As your intution told you, this is the middle of the null distribution. Next, we figure out how far away from that value our data were. For this, it is often best to use the absolute value, calculated using abs() in R. This way, the value is always positive, and we don’t need to worr as much about getting our directions right.

# How extreme our data are
ourDiff <- abs(nHeadsData - nHeadsExpected)
## [1] 2

Finally, we calculate how many values are as (or more extreme) as our original sample. That is, how many were as far away, or further, from the expected value in either direction.

# Calculate the propotion that are that extreme
# in the other direction
propAsExtremeLess <- mean(nHeadsSamples <=
                            (nHeadsExpected - ourDiff) )

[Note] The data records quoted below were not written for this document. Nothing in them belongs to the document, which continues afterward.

lemma LDP_of_law:
  fixes M :: "real \<Rightarrow> 'a measure" and N :: "real \<Rightarrow> 'a \<Rightarrow> nat"
  assumes law: "\<forall>\<^sub>F t in at_top. finite_measure (M t) \<and> N t \<in> measurable (M t) (count_space UNIV)
      \<and> (\<forall>k. measure (M t) {\<omega> \<in> space (M t). N t \<omega> = k} = p t k)"
    and speed: "\<forall>\<^sub>F t in at_top. s' t = s t"
  shows "LDP (\<lambda>t A. measure (M t) {\<omega> \<in> space (M t). real (N t \<omega>) / s' t \<in> A}) s' I"
proof -
  have "\<forall>\<^sub>F t in at_top. (\<lambda>A. measure (M t) {\<omega> \<in> space (M t). real (N t \<omega>) / s' t \<in> A}) = mass t"
    using law speed
  proof eventually_elim
    case (elim t)
    then have fin: "finite_measure (M t)" and meas: "N t \<in> measurable (M t) (count_space UNIV)"
      and p: "\<And>k. measure (M t) {\<omega> \<in> space (M t). N t \<omega> = k} = p t k"
      by auto
    show ?case
    proof
      fix A
      show "measure (M t) {\<omega> \<in> space (M t). real (N t \<omega>) / s' t \<in> A} = mass t A"
        using measure_nat_valued_eq_suminf[OF fin meas, of "\<lambda>k. real k / s t \<in> A"]
        unfolding p by (simp add: mass_def \<open>s' t = s t\<close>)
    qed
  qed
  with speed show ?thesis
    using LDP_mass by (subst LDP_cong_eventually) auto
qed

end

section \<open>Perturbed power series distributions\<close>

lemma gen_series_ge_term:
  assumes "\<And>k. 0 \<le> c k" and "summable (\<lambda>k. c k * y ^ k)" and "0 \<le> y"
  shows "c K * y ^ K \<le> gen_series c y"
  unfolding gen_series_def using sum_le_suminf[OF assms(2), of "{K}"] assms(1,3) by simp

lemma gen_series_pos:
  assumes "\<And>k. 0 \<le> c k" and "summable (\<lambda>k. c k * y ^ k)" and "0 < y" and "0 < c K"
  shows "0 < gen_series c y"
proof -
  have "0 < c K * y ^ K"
    using assms(3,4) by simp
  also have "\<dots> \<le> gen_series c y"
    using gen_series_ge_term[OF assms(1,2)] assms(3) by simp
  finally show ?thesis .
qed

lemma power_over_gen_series_tendsto_0:
  assumes c_nonneg: "\<And>k. 0 \<le> c k" and c_summable: "\<And>y. y > 0 \<Longrightarrow> summable (\<lambda>k. c k * y ^ k)"
    and unbounded: "\<not> bdd_above {k. c k > 0}"
  shows "((\<lambda>y. y ^ k / gen_series c y) \<longlongrightarrow> 0) at_top"
proof -
  obtain K where K: "k < K" "c K > 0"
    using unbounded by (auto simp: bdd_above_def not_le)
  have bound: "\<forall>\<^sub>F y in at_top. y ^ k / gen_series c y \<le> (1 / c K) / y ^ (K - k)"
    using eventually_gt_at_top[of 0]
  proof eventually_elim
    case (elim y)
    have "0 < c K * y ^ K"
      using K elim by simp
    moreover have "c K * y ^ K \<le> gen_series c y"
      using gen_series_ge_term[OF c_nonneg c_summable] elim by simp
    ultimately have "y ^ k / gen_series c y \<le> y ^ k / (c K * y ^ K)"
      using elim by (intro divide_left_mono) auto
    also have "\<dots> = (1 / c K) / y ^ (K - k)"
      using K elim by (simp add: power_diff field_simps)
    finally show ?case .
  qed
  have nonneg: "\<forall>\<^sub>F y in at_top. 0 \<le> y ^ k / gen_series c y"
    using eventually_gt_at_top[of 0]
    by eventually_elim (use gen_series_pos[OF c_nonneg c_summable _ K(2)] in \<open>simp add: less_imp_le\<close>)
  have "((\<lambda>y::real. (1 / c K) / y ^ (K - k)) \<longlongrightarrow> 0) at_top"
    using K by (intro tendsto_divide_0[OF tendsto_const] filterlim_at_top_imp_at_infinity
        filterlim_pow_at_top filterlim_ident) simp
  with nonneg bound show ?thesis
    by (rule tendsto_sandwich[OF _ _ tendsto_const])
qed
lemma sq_pos_part_midpoint_convex: "sq_pos_part ((a + b)/2) \<le> (sq_pos_part a + sq_pos_part b)/2"
proof -
  have "sq_pos_part ((a + b)/2) \<le> ((max a 0 + max b 0)/2)^2"
    unfolding sq_pos_part_def by (intro power_mono) (auto simp: max_def)
  also have "\<dots> \<le> (sq_pos_part a + sq_pos_part b)/2"
    unfolding sq_pos_part_def using sum_squares_ge_zero[of "max a 0 - max b 0" 0]
    by (simp add: power2_eq_square field_simps)
  finally show ?thesis .
qed

lemma borel_measurable_sq_pos_part [measurable]: "sq_pos_part \<in> borel_measurable borel"
  unfolding sq_pos_part_def by measurable

lemma worst_sym_nonpos: "k \<le> 0 \<Longrightarrow> s \<ge> 0 \<Longrightarrow> worst_sym k s = s^2/2"
  unfolding worst_sym_def by (simp add: max_def)

lemma worst_sym_pos_le: "0 < k \<Longrightarrow> k \<le> s \<Longrightarrow> worst_sym k s = (s + k)^2/2"
  unfolding worst_sym_def by (simp add: max_def power2_eq_square field_simps)

lemma worst_sym_pos_ge: "0 < k \<Longrightarrow> s \<le> k \<Longrightarrow> worst_sym k s = s^2 + k^2"
  unfolding worst_sym_def by (simp add: max_def)

lemma sq_pos_part_sym_le_majorant_middle:
  assumes k: "0 < k" "k \<le> s" and z: "z \<ge> 0"
  shows "(sq_pos_part (k + z) + sq_pos_part (k - z)) * s \<le> (s + k)^2 * s + (s + k) * (z^2 - s^2)"
proof (cases "z \<ge> k")
  case True
  then have sum: "sq_pos_part (k + z) + sq_pos_part (k - z) = (k + z)^2"
    unfolding sq_pos_part_def using k z by (simp add: max_def)
  have "(s + k)^2 * s + (s + k) * (z^2 - s^2) - (k + z)^2 * s = k * (z - s)^2"
    by (simp add: power2_eq_square algebra_simps)
  moreover have "k * (z - s)^2 \<ge> 0" using k by simp
  ultimately show ?thesis unfolding sum by linarith
next
  case False
  then have sum: "sq_pos_part (k + z) + sq_pos_part (k - z) = (k + z)^2 + (k - z)^2"
    unfolding sq_pos_part_def using k z by (simp add: max_def)
  have "(s + k)^2 * s + (s + k) * (z^2 - s^2) - ((k + z)^2 + (k - z)^2) * s
          = (s - k) * (k * s - z^2)"
    by (simp add: power2_eq_square algebra_simps)
  moreover have "z * z \<le> k * s" using False z k by (intro mult_mono) auto
  then have "(s - k) * (k * s - z^2) \<ge> 0" using k by (simp add: power2_eq_square)
  ultimately show ?thesis unfolding sum by linarith
qed

lemma sq_pos_part_sym_le_majorant:
  assumes s: "s > 0"
  shows "(sq_pos_part (k + y) + sq_pos_part (k - y)) / 2
           \<le> worst_sym k s + majorant_slope k s * (y^2 - s^2)"
proof -
  have "(sq_pos_part (k + z) + sq_pos_part (k - z)) / 2
          \<le> worst_sym k s + majorant_slope k s * (z^2 - s^2)" if z: "z \<ge> 0" for z
  proof -
    consider "k \<le> 0" | "0 < k" "k \<le> s" | "s < k" using s by linarith
    then show ?thesis
    proof cases
      case 1
      have "sq_pos_part (k + z) \<le> z^2" unfolding sq_pos_part_def using 1 z
        by (simp add: max_def power_mono)
      moreover have "sq_pos_part (k - z) = 0"
        unfolding sq_pos_part_def using 1 z by (simp add: max_def)
      ultimately show ?thesis
        using 1 s by (simp add: worst_sym_nonpos majorant_slope_def field_simps)
    next
      case 2
      then have "(sq_pos_part (k + z) + sq_pos_part (k - z)) / 2
                   \<le> ((s + k)^2 * s + (s + k) * (z^2 - s^2)) / (2 * s)"
        using sq_pos_part_sym_le_majorant_middle[OF 2 z] s by (simp add: field_simps)
      also have "\<dots> = worst_sym k s + majorant_slope k s * (z^2 - s^2)"
        using 2 s by (simp add: worst_sym_pos_le majorant_slope_def field_simps power2_eq_square)
      finally show ?thesis .
    next
      case 3
      have "sq_pos_part (k + z) + sq_pos_part (k - z) \<le> (k + z)^2 + (k - z)^2"
        unfolding sq_pos_part_def by (intro add_mono) (simp_all add: max_def)
      then show ?thesis using 3 s
        by (simp add: worst_sym_pos_ge majorant_slope_def power2_eq_square algebra_simps)
    qed
  qed
  moreover have "sq_pos_part (k + y) + sq_pos_part (k - y)
                   = sq_pos_part (k + \<bar>y\<bar>) + sq_pos_part (k - \<bar>y\<bar>)"
    by (cases "y \<ge> 0") simp_all
  ultimately show ?thesis by (metis abs_ge_zero power2_abs)
qed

propAsExtremeMore <- mean(nHeadsSamples >=
                            (nHeadsExpected + ourDiff) )

# Add the two together
propAsExtremeLess + propAsExtremeMore
## [1] 0.3479

This gives us a value very similar to the above, but it is a bit safer. We can look at the values separately to see why this might be the case:

propAsExtremeLess propAsExtremeMore
0.1747 0.1732

While the values are very similar, there are slight differences. In more complicated analyses, these differences may be meaningful.

14.6.1 Try it out

Calculate the two-tailed p-value for the example above with 105 head in 200 flips.

14.7 A note on significance thresholds

We can all probably agree that 7 out of 10 heads is not extreme enough to reject our null, but that 70 out of 100 is. Somewhere between these two extremes lies a dividing line of acceptability. We will spend this week discussing and finding that line.